Design and Testing Strategies

In the routines of both Listing 1 and Listing 2, the overall algorithm is identical. A check for input that’s reached its end happens at the top of the first loop. This picks off empty input strings and returns right away. A check for a ‘*’ wildcard happens next; only if one of those is found do any variables used for subsequent matching get initialized. Some up-front steps are performed in those wildcard scenarios, and the index variables used in the second loop are set, before control passes to the second loop. But if no wildcard is found, then the second loop isn’t invoked, and the remainder of the first loop serves merely to compare the characters of the input strings. This simplifies the handling of all-tame comparisons.

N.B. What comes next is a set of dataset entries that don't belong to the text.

(* Let $n\geq 3$ and $T\in\mathcal{T}_n$. Then $\chi(\mathrm{KG}(\mathcal{T}_n\setminus\{T\})) = n-2$ if and only if $T$ is not a star triangulation.
   Context: Label the vertices of a convex $n$-gon by $1,\dots,n$ in cyclic order; $\mathrm{Diag}_n = \{\{i,j\} \subseteq [n]: i-j\not\equiv \pm1 \pmod n\}$; a triangulation is identified with its set of diagonals, and $\mathcal{T}_n$ is the set of triangulations. For a set system $\mathcal{F}$, $\mathrm{KG}(\mathcal{F})$ is the graph on $\mathcal{F}$ with $F,F'$ adjacent iff $F\cap F'=\emptyset$. A star triangulation is one consisting of the $n-3$ diagonals emanating from a single vertex. *)

theory Defs
  imports Main
begin

text \<open>Vertices of the convex n-gon are 1..n in cyclic order. A diagonal is a
2-element set {i,j} of vertices that are not cyclically adjacent.\<close>
definition diags :: "nat \<Rightarrow> nat set set" where
  "diags n = {{i, j} | i j. i \<in> {1..n} \<and> j \<in> {1..n} \<and> i \<noteq> j
      \<and> i mod n \<noteq> (j + 1) mod n \<and> j mod n \<noteq> (i + 1) mod n}"

definition crosses :: "nat set \<Rightarrow> nat set \<Rightarrow> bool" where
  "crosses d e \<longleftrightarrow> (\<exists>a b c c'. a < c \<and> c < b \<and> b < c' \<and>
      ((d = {a, b} \<and> e = {c, c'}) \<or> (e = {a, b} \<and> d = {c, c'})))"

text \<open>A triangulation (identified with its set of diagonals) is a maximal set
of pairwise non-crossing diagonals.\<close>
definition triangulations :: "nat \<Rightarrow> nat set set set" where
  "triangulations n = {T. T \<subseteq> diags n
      \<and> (\<forall>d\<in>T. \<forall>e\<in>T. \<not> crosses d e)
      \<and> (\<forall>d\<in>diags n - T. \<exists>e\<in>T. crosses d e)}"

definition is_star :: "nat \<Rightarrow> nat set set \<Rightarrow> bool" where
  "is_star n T \<longleftrightarrow> (\<exists>v\<in>{1..n}. T = {d \<in> diags n. v \<in> d})"

definition kneser_adj :: "'a set \<Rightarrow> 'a set \<Rightarrow> bool" where
  "kneser_adj F G \<longleftrightarrow> F \<noteq> G \<and> F \<inter> G = {}"

definition chromatic_number :: "'v set \<Rightarrow> ('v \<Rightarrow> 'v \<Rightarrow> bool) \<Rightarrow> nat" where
  "chromatic_number V adj = (LEAST k. \<exists>f :: 'v \<Rightarrow> nat.
      (\<forall>x\<in>V. f x < k) \<and> (\<forall>x\<in>V. \<forall>y\<in>V. adj x y \<longrightarrow> f x \<noteq> f y))"

end

theory Submission
  imports Defs
begin

text \<open>Upper bounds: colouring a triangulation by the smallest neighbour of vertex 1 uses \<open>n - 2\<close>
  colours, and once the star at \<open>n\<close> is removed, colouring by the leftmost ear \<open>{a, a + 2}\<close>
  avoiding \<open>n\<close> uses \<open>n - 3\<close>. Lower bound: inserting a vertex between \<open>n - 1\<close> and \<open>1\<close> extends
  a triangulation of the \<open>(n - 1)\<close>-gon in two ways, and these extensions together with the star
  at \<open>n\<close> form a Mycielski-type configuration, so a \<open>k\<close>-colouring for the \<open>n\<close>-gon yields a
  \<open>(k - 1)\<close>-colouring for the \<open>(n - 1)\<close>-gon. None of the extensions has two diagonals at
  \<open>n\<close>, so the configuration survives the removal of any such triangulation other than the star;
  up to rotation every non-star triangulation with \<open>n \<ge> 5\<close> is of this kind.\<close>

section \<open>Diagonals and triangulations\<close>

lemma crosses_iff:
  assumes "x < (y::nat)" "z < w"
  shows "crosses {x, y} {z, w} \<longleftrightarrow> x < z \<and> z < y \<and> y < w \<or> z < x \<and> x < w \<and> w < y"
  using assms unfolding crosses_def doubleton_eq_iff by (auto; linarith?)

The overall design of the second loop is like a rearrangement of the first loop, beginning with a check for any further ‘*’ wildcard, followed by another round of input character comparison, and ending with a check for the end of the input. That last check is useful when a sequence of the tame string begins to match with a sequence of the wild string following the ‘*’. If one of the strings ends, and the other does not, then a match isn’t possible unless some special cases apply to the wild string. These are checked in logic designated with comments such as “ab*c*” matches “abcd”. That case, where a wild string ends in ‘*’, is picked off so the routine returns without comparing more of the tame string than necessary. Other special cases involve various conditions where characters in the wild string don’t appear in the tame string, and vice versa. How to know whether all the special cases that might arise are properly handled? That’s where thorough testing comes in.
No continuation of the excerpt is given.